(Dataset entries)
----------

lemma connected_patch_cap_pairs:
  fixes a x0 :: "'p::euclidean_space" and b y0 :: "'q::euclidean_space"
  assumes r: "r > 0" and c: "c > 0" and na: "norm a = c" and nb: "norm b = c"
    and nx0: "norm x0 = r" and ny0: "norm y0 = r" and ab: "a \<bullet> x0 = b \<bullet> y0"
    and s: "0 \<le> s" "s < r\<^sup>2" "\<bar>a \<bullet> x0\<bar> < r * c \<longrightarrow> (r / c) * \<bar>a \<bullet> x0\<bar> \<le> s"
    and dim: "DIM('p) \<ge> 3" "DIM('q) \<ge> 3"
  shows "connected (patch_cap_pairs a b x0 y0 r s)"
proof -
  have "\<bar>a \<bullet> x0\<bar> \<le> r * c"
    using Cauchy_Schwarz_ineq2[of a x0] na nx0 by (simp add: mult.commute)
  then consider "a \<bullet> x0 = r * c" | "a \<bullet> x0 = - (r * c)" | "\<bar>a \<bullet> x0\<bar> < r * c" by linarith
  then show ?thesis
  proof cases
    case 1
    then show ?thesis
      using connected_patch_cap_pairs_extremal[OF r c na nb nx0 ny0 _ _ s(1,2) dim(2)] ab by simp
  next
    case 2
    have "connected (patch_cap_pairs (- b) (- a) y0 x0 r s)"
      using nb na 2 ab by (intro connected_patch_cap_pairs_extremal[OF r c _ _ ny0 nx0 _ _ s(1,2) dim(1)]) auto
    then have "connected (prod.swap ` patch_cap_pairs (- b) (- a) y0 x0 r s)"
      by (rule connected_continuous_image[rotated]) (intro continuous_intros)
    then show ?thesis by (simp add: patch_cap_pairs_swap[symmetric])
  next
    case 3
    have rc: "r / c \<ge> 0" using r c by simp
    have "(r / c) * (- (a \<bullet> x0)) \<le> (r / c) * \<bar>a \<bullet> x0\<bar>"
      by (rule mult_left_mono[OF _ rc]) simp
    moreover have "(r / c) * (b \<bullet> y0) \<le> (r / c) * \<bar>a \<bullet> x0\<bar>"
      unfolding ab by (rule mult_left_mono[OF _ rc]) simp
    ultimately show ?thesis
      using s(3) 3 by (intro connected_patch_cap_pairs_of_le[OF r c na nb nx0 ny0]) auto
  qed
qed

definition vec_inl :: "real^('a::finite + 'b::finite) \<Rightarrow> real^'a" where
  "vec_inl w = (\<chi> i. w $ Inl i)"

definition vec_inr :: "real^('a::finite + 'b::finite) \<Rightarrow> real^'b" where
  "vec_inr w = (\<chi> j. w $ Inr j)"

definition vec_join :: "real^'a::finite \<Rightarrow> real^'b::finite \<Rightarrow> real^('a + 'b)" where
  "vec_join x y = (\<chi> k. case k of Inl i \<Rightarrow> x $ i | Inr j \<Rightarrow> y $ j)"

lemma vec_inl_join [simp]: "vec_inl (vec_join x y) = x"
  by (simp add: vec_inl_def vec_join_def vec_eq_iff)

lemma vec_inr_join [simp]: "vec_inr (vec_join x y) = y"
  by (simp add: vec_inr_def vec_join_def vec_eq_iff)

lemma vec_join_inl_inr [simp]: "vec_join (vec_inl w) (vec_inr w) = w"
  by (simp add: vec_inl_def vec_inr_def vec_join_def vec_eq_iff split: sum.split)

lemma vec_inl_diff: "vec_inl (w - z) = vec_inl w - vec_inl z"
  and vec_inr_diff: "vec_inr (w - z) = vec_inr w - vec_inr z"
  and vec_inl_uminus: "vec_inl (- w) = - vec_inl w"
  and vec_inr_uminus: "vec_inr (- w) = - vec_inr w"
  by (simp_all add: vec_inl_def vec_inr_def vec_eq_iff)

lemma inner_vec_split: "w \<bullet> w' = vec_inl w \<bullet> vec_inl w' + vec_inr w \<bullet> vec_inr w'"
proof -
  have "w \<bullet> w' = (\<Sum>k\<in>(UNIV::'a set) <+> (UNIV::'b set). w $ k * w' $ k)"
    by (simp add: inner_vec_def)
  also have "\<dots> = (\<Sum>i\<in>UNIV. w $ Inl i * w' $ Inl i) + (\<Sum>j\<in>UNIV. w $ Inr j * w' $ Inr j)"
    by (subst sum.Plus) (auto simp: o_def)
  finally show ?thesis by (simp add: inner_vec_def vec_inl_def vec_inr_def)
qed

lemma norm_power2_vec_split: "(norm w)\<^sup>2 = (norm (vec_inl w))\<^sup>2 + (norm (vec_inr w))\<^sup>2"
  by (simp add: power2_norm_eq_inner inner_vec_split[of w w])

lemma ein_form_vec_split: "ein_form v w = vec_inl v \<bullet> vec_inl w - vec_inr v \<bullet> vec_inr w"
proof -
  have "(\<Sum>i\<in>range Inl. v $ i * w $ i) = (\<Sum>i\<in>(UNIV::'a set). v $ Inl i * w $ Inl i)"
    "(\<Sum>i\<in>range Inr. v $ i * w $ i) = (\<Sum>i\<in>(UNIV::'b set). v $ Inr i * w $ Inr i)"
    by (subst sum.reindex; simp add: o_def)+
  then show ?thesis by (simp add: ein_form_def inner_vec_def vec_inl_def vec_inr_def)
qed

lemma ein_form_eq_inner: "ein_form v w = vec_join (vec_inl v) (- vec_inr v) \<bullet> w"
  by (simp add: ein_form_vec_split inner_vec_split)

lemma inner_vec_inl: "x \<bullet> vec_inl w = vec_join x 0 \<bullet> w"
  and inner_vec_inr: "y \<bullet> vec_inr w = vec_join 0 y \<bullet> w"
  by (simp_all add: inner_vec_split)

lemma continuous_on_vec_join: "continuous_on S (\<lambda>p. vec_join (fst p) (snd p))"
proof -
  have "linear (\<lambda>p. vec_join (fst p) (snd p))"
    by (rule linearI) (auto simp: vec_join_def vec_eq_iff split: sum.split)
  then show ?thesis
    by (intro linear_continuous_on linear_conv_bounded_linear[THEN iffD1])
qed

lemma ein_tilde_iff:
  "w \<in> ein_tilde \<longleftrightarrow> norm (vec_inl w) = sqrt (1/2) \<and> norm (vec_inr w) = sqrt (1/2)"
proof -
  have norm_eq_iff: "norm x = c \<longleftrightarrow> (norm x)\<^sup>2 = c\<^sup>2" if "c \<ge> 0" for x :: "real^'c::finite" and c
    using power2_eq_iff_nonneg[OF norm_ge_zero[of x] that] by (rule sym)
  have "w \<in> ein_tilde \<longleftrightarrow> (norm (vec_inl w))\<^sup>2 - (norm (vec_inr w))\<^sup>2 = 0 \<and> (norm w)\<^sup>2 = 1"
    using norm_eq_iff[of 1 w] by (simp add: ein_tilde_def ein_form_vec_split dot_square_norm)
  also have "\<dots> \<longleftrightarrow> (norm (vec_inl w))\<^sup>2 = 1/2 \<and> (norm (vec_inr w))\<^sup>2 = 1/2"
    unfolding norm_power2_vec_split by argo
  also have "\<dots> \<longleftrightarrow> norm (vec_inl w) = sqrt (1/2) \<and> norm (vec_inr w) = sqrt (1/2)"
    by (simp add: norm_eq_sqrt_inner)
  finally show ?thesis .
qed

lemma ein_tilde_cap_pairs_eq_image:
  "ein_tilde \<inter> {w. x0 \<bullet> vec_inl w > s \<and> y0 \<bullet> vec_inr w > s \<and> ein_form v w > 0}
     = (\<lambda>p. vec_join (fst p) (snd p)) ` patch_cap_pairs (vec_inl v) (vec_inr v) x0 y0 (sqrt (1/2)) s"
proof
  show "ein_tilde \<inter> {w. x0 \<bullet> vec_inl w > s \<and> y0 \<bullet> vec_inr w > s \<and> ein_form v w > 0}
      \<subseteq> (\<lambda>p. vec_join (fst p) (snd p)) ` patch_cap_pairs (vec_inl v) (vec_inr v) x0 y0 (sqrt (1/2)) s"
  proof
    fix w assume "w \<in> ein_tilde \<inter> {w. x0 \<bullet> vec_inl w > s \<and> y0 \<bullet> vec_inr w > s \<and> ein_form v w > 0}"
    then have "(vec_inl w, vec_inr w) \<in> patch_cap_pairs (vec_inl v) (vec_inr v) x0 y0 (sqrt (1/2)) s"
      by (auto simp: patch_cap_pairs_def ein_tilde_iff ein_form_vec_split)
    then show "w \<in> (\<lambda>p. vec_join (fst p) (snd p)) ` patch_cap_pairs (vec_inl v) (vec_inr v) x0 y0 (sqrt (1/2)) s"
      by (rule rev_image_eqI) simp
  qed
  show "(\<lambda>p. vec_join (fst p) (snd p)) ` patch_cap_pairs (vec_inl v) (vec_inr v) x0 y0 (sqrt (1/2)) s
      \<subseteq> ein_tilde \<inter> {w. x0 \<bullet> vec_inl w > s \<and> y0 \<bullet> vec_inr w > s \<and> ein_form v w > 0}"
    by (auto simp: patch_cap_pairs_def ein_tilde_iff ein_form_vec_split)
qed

----------

What you need to do: From the records above, copy out the line with "vec_join 0 y", the line with "by (rule linearI)", and every line between them, word for word.

Written answer:
  and inner_vec_inr: "y \<bullet> vec_inr w = vec_join 0 y \<bullet> w"
  by (simp_all add: inner_vec_split)

lemma continuous_on_vec_join: "continuous_on S (\<lambda>p. vec_join (fst p) (snd p))"
proof -
  have "linear (\<lambda>p. vec_join (fst p) (snd p))"
    by (rule linearI) (auto simp: vec_join_def vec_eq_iff split: sum.split)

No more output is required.